Thanks for the kind words.

I used two mosses in this tank, weeping moss and taiwan. The weeping is on the wood. It grows down and looks cool on wood. The taiwan tends to grow up, so i used this on the rocks right behind the sand.

The break has been cool. With the help of Max, i have been learning a lot about growing some more difficult species. It has been very challanging and i still have a long way to go. Hopefully by the time i do the next layout in a few months, i should have some more knowlege to apply.

Good luck on your shrimp tank. I have seen some really cool low tech layouts. IMO, anubias and moss always look good, and then can be used for low tech.

Thanks again

jason


----------



## Jason Baliban (Feb 21, 2005)

Featured on page 71 of this months That Pet Place catalog(the one with the sea horse)

Pretty cool

jB


----------



## frozenbarb (Feb 8, 2007)

Wow jason i never knew this was yours...

I saw this tank is Many places yet i dont where

very famous tank you got there


----------



## goalcreas (Nov 20, 2006)

I think I have that catalog, I will have to take a closer look.
Congratulations.

BTW, how to you go about the submission of photos, is there a link in the catalog.


----------



## Jason Baliban (Feb 21, 2005)

frozenbarb - thanks for the kind words 

goalcreas - I believe there is an email link on this page....
http://thatpetplace.com/pet/CustomerPhotos.web

Thanks

jB


----------



## Jason Baliban (Feb 21, 2005)

Another perspective to this tank. I actually forgot i took this picture.










jB


----------



## Desert_Damsel (Jun 18, 2007)

Gorgeous!!! How many months of growth did it take? sigh... so pretty [smilie=w:


----------



## redstrat (Apr 3, 2006)

Wow what an interesting perpective, I really like how bright it looks. I've been debating trying this with my 75 for a while now and just haven't got up the courage to take off my black background. I might just have to try it now. Thanks for sharing!!!


----------



## Jimbo205 (Feb 2, 2006)

Love the tank. 

Inspiring photographs. You obviously know how to do this like a pro. 

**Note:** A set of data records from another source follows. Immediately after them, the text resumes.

lemma p_val_ge_minus_one: "p_val m Pw i j \<ge> -1"
proof (cases "m = 0")
  case False
  have "(\<Sum>j''<m. ind (strict_pref (Pw i) (Some j) (Some j'')) - ind (strict_pref (Pw i) None (Some j'')))
      \<ge> (\<Sum>j''<m. -1)"
    by (rule sum_mono) (simp add: ind_def)
  then have "ind (strict_pref (Pw i) (Some j) None)
      + (\<Sum>j''<m. ind (strict_pref (Pw i) (Some j) (Some j'')) - ind (strict_pref (Pw i) None (Some j'')))
      \<ge> - real m"
    by (simp add: ind_def)
  with False show ?thesis unfolding p_val_def by (simp add: field_simps)
qed (simp add: p_val_def)

lemma p_val_nonneg_if_acceptable:
  assumes "trans (Pw i)" "antisym (Pw i)" "strict_pref (Pw i) (Some j) None"
  shows "p_val m Pw i j \<ge> 0"
proof -
  have "ind (strict_pref (Pw i) None (Some j'')) \<le> ind (strict_pref (Pw i) (Some j) (Some j''))" for j''
    using strict_pref_trans[OF assms] by (simp add: ind_def)
  then have "(\<Sum>j''<m. ind (strict_pref (Pw i) (Some j) (Some j'')) - ind (strict_pref (Pw i) None (Some j'')))
      \<ge> 0"
    by (simp add: sum_nonneg)
  then show ?thesis unfolding p_val_def by (simp add: ind_def)
qed

lemma irv_acceptable_matching_le_half:
  assumes pw: "\<And>i. i < n \<Longrightarrow> trans (Pw i) \<and> antisym (Pw i)"
    and pf: "\<And>j. j < m \<Longrightarrow> trans (Pf j) \<and> antisym (Pf j)"
    and P: "is_matching n m P" and acc: "acceptable_to_one_side Pw Pf P"
  shows "irv n m Pw Pf (matching_matrix n m P) \<le> 1 / 2"
proof -
  define t where "t i j = 1 / (2 * real n) * max (- p_val n Pf j i) 0
    + 1 / (2 * real m) * max (- p_val m Pw i j) 0" for i j
  define c where "c = 1 / (2 * real (min n m))"
  have P_range: "P \<subseteq> {..<n} \<times> {..<m}" using P by (simp add: is_matching_def)
  have "irv n m Pw Pf (matching_matrix n m P) = (\<Sum>i<n. \<Sum>j<m. matching_matrix n m P i j * t i j)"
    unfolding irv_def t_def q_val_eq_p_val
    by (simp add: sum_distrib_left sum.distrib[symmetric] algebra_simps)
  also have "\<dots> = (\<Sum>i<n. \<Sum>j<m. if (i, j) \<in> P then t i j else 0)"
    by (intro sum.cong) (simp_all add: matching_matrix_def)
  also have "\<dots> = (\<Sum>(i, j)\<in>{..<n} \<times> {..<m}. if (i, j) \<in> P then t i j else 0)"
    by (rule sum.cartesian_product)
  also have "\<dots> = (\<Sum>(i, j)\<in>P. t i j)"
    using P_range by (intro sum.mono_neutral_cong_right) auto
  also have "\<dots> \<le> card P * c"
  proof (rule sum_bounded_above, clarify)
    fix i j assume ij: "(i, j) \<in> P"
    then have "i < n" "j < m" using P_range by auto
    have "t i j \<le> 1 / (2 * real n) \<or> t i j \<le> 1 / (2 * real m)"
      using acc ij pw[OF \<open>i < n\<close>] pf[OF \<open>j < m\<close>]
        p_val_ge_minus_one[of n Pf j i] p_val_ge_minus_one[of m Pw i j]
        p_val_nonneg_if_acceptable[of Pw i j m] p_val_nonneg_if_acceptable[of Pf j i n]
      unfolding t_def acceptable_to_one_side_def by (fastforce simp: divide_right_mono)
    moreover have "1 / (2 * real n) \<le> c" "1 / (2 * real m) \<le> c"
      using \<open>i < n\<close> \<open>j < m\<close> unfolding c_def by (auto intro!: divide_left_mono)
    ultimately show "t i j \<le> c" by linarith
  qed
  also have "\<dots> \<le> 1 / 2"
  proof -
    have "card P \<le> min n m" using P by (rule card_matching_le)
    then show ?thesis unfolding c_def by (cases "min n m = 0") (auto simp: field_simps)
  qed
  finally show ?thesis .
qed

Question - why are you moving?


----------



## Jason Baliban (Feb 21, 2005)

Desert - This was about 4 months of growth from planting to picture (tank tear down)

davis - it is certainly a different look. Everyone is making me regret showing the black background as the primary shot of this tank I dont put backgrounds on my tanks unless i am going for that look during the photographing.

jimbo - I was moving into a new house at that time.

Thanks guys

jB


----------